Jiang Jiaxin, Jiang Xiaoya, Xu Lei, Zhang Yan, Zheng Yuwen, Kong Dexing
School of Mathematical Sciences, Zhejiang University, Hangzhou, China.
Department of Mathematics, The Hong Kong University of Science and Technology, Clear Water Bay, Kowloon, Hong Kong SAR, China.
Front Oncol. 2023 Jun 22;13:1177225. doi: 10.3389/fonc.2023.1177225. eCollection 2023.
Deep learning technology has been widely applied to medical image analysis. But due to the limitations of its own imaging principle, ultrasound image has the disadvantages of low resolution and high Speckle Noise density, which not only hinder the diagnosis of patients' conditions but also affect the extraction of ultrasound image features by computer technology.
In this study, we investigate the robustness of deep convolutional neural network (CNN) for classification, segmentation, and target detection of breast ultrasound image through random Salt & Pepper Noise and Gaussian Noise.
We trained and validated 9 CNN architectures in 8617 breast ultrasound images, but tested the models with noisy test set. Then, we trained and validated 9 CNN architectures with different levels of noise in these breast ultrasound images, and tested the models with noisy test set. Diseases of each breast ultrasound image in our dataset were annotated and voted by three sonographers based on their malignancy suspiciousness. we use evaluation indexes to evaluate the robustness of the neural network algorithm respectively.

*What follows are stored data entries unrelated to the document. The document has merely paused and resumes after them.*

lemma emeasure_eq_0_if_set_nn_integral_le:
  assumes B: "B \<in> sets M" "emeasure M B < \<infinity>" and c: "0 \<le> c" and \<delta>: "0 < \<delta>"
    and f: "\<And>x. x \<in> B \<Longrightarrow> ennreal (c + \<delta>) \<le> f x"
    and bound: "0 < emeasure M B \<Longrightarrow> (\<integral>\<^sup>+ x. f x * indicator B x \<partial>M) \<le> ennreal c * emeasure M B"
  shows "emeasure M B = 0"
proof (rule ccontr)
  assume "emeasure M B \<noteq> 0"
  obtain m where m: "emeasure M B = ennreal m" "0 \<le> m"
    using B(2) by (cases "emeasure M B") auto
  have "ennreal (c + \<delta>) * emeasure M B = (\<integral>\<^sup>+ x. ennreal (c + \<delta>) * indicator B x \<partial>M)"
    using B(1) by (rule nn_integral_cmult_indicator[symmetric])
  also have "\<dots> \<le> (\<integral>\<^sup>+ x. f x * indicator B x \<partial>M)"
    using f by (intro nn_integral_mono) (simp add: indicator_def)
  also have "\<dots> \<le> ennreal c * emeasure M B"
    using \<open>emeasure M B \<noteq> 0\<close> by (intro bound) (simp add: zero_less_iff_neq_zero)
  finally have "(c + \<delta>) * m \<le> c * m"
    using c \<delta> m by (simp add: ennreal_mult[symmetric] ennreal_le_iff del: ennreal_plus)
  then show False
    using \<delta> m \<open>emeasure M B \<noteq> 0\<close> by (simp add: distrib_right mult_le_0_iff)
qed

lemma (in sigma_finite_measure) AE_le_if_set_nn_integral_le:
  assumes f: "f \<in> borel_measurable M" and c: "0 \<le> c"
    and bound: "\<And>S. S \<in> sets M \<Longrightarrow> 0 < emeasure M S \<Longrightarrow> emeasure M S < \<infinity> \<Longrightarrow>
      (\<integral>\<^sup>+ x. f x * indicator S x \<partial>M) \<le> ennreal c * emeasure M S"
  shows "AE x in M. f x \<le> ennreal c"
proof -
  obtain A :: "nat \<Rightarrow> 'a set"
    where A: "range A \<subseteq> sets M" "(\<Union>i. A i) = space M" "\<And>i. emeasure M (A i) \<noteq> \<infinity>"
    using sigma_finite by metis
  define B where "B k n = {x \<in> space M. ennreal (c + 1 / Suc k) < f x} \<inter> A n" for k n
  have B_null: "B k n \<in> null_sets M" for k n
  proof -
    have B: "B k n \<in> sets M"
      using A(1) f unfolding B_def by (intro sets.Int) auto
    have "emeasure M (B k n) \<le> emeasure M (A n)"
      using A(1) by (intro emeasure_mono) (auto simp: B_def)
    then have fin: "emeasure M (B k n) < \<infinity>"
      using A(3)[of n] by (simp add: less_top[symmetric] neq_top_trans)
    have "emeasure M (B k n) = 0"
    proof (rule emeasure_eq_0_if_set_nn_integral_le[OF B fin c])
      show "0 < 1 / real (Suc k)"
        by simp
      show "ennreal (c + 1 / Suc k) \<le> f x" if "x \<in> B k n" for x
        using that by (simp add: B_def less_imp_le)
      show "(\<integral>\<^sup>+ x. f x * indicator (B k n) x \<partial>M) \<le> ennreal c * emeasure M (B k n)"
        if "0 < emeasure M (B k n)"
        using B that fin by (rule bound)
    qed
    then show ?thesis
      using B by auto
  qed
  then have "(\<Union>k. \<Union>n. B k n) \<in> null_sets M"
    by blast
  moreover have "{x \<in> space M. \<not> f x \<le> ennreal c} \<subseteq> (\<Union>k. \<Union>n. B k n)"
  proof
    fix x assume x: "x \<in> {x \<in> space M. \<not> f x \<le> ennreal c}"
    then obtain k where "ennreal (c + 1 / Suc k) < f x"
      using c ennreal_less_imp_add_inverse_Suc_less[of c "f x"] by (auto simp: not_le)
    moreover obtain n where "x \<in> A n"
      using x A(2) by auto
    ultimately show "x \<in> (\<Union>k. \<Union>n. B k n)"
      using x by (auto simp: B_def)
  qed
  ultimately show ?thesis
    by (rule AE_I')
qed

lemma lp_pow_indicator_scaleR: "lp_pow p (\<lambda>g. indicator S x *\<^sub>R \<eta> g) = lp_pow p \<eta> * indicator S x"
  by (simp add: lp_pow_scaleR indicator_def)

lemma Lp_pow_indicator_scaleR:
  assumes "S \<in> sets M"
  shows "Lp_pow M p (\<lambda>x. indicator S x *\<^sub>R v) = ennreal (norm v powr p) * emeasure M S"
  unfolding Lp_pow_def using assms
  by (subst nn_integral_cmult_indicator[symmetric])
    (auto intro!: nn_integral_cong simp: indicator_def)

There is a moderate to high impact (The accuracy of the model decreased by about 5%-40%) on model accuracy when Salt and Pepper Noise, Speckle Noise, or Gaussian Noise is introduced to the images respectively. Consequently, DenseNet, UNet++ and Yolov5 were selected as the most robust model based on the selected index. When any two of these three kinds of noise are introduced into the image at the same time, the accuracy of the model will be greatly affected.
Our experimental results reveal new insights: The variation trend of accuracy with the noise level in Each network used for classification tasks and object detection tasks has some unique characteristics. This finding provides us with a method to reveal the black-box architecture of computer-aided diagnosis (CAD) systems. On the other hand, the purpose of this study is to explore the impact of adding noise directly to the image on the performance of neural networks, which is different from the existing articles on robustness in the field of medical image processing. Consequently, it provides a new way to evaluate the robustness of CAD systems in the future.
深度学习技术已广泛应用于医学图像分析。但由于超声图像自身成像原理的限制,存在分辨率低、斑点噪声密度高的缺点,这不仅阻碍了对患者病情的诊断,也影响了计算机技术对超声图像特征的提取。
在本研究中,我们通过随机椒盐噪声和高斯噪声来研究深度卷积神经网络(CNN)对乳腺超声图像进行分类、分割和目标检测的鲁棒性。
我们在8617幅乳腺超声图像中训练并验证了9种CNN架构,但使用有噪声的测试集对模型进行测试。然后,我们在这些乳腺超声图像中使用不同噪声水平训练并验证9种CNN架构,并使用有噪声的测试集对模型进行测试。我们数据集中每幅乳腺超声图像的疾病由三位超声医师根据其恶性可疑程度进行标注和投票。我们分别使用评估指标来评估神经网络算法的鲁棒性。
当分别向图像中引入椒盐噪声、斑点噪声或高斯噪声时,对模型准确率有中度到高度的影响(模型准确率下降约5%-40%)。因此,基于所选指标,DenseNet、UNet++和Yolov5被选为最鲁棒的模型。当同时将这三种噪声中的任意两种引入图像时,模型的准确率将受到极大影响。
我们的实验结果揭示了新的见解:用于分类任务和目标检测任务的每个网络中,准确率随噪声水平的变化趋势具有一些独特的特征。这一发现为我们提供了一种揭示计算机辅助诊断(CAD)系统黑箱架构的方法。另一方面,本研究的目的是探索直接向图像中添加噪声对神经网络性能的影响,这与医学图像处理领域现有关于鲁棒性的文章不同。因此,它为未来评估CAD系统的鲁棒性提供了一种新方法。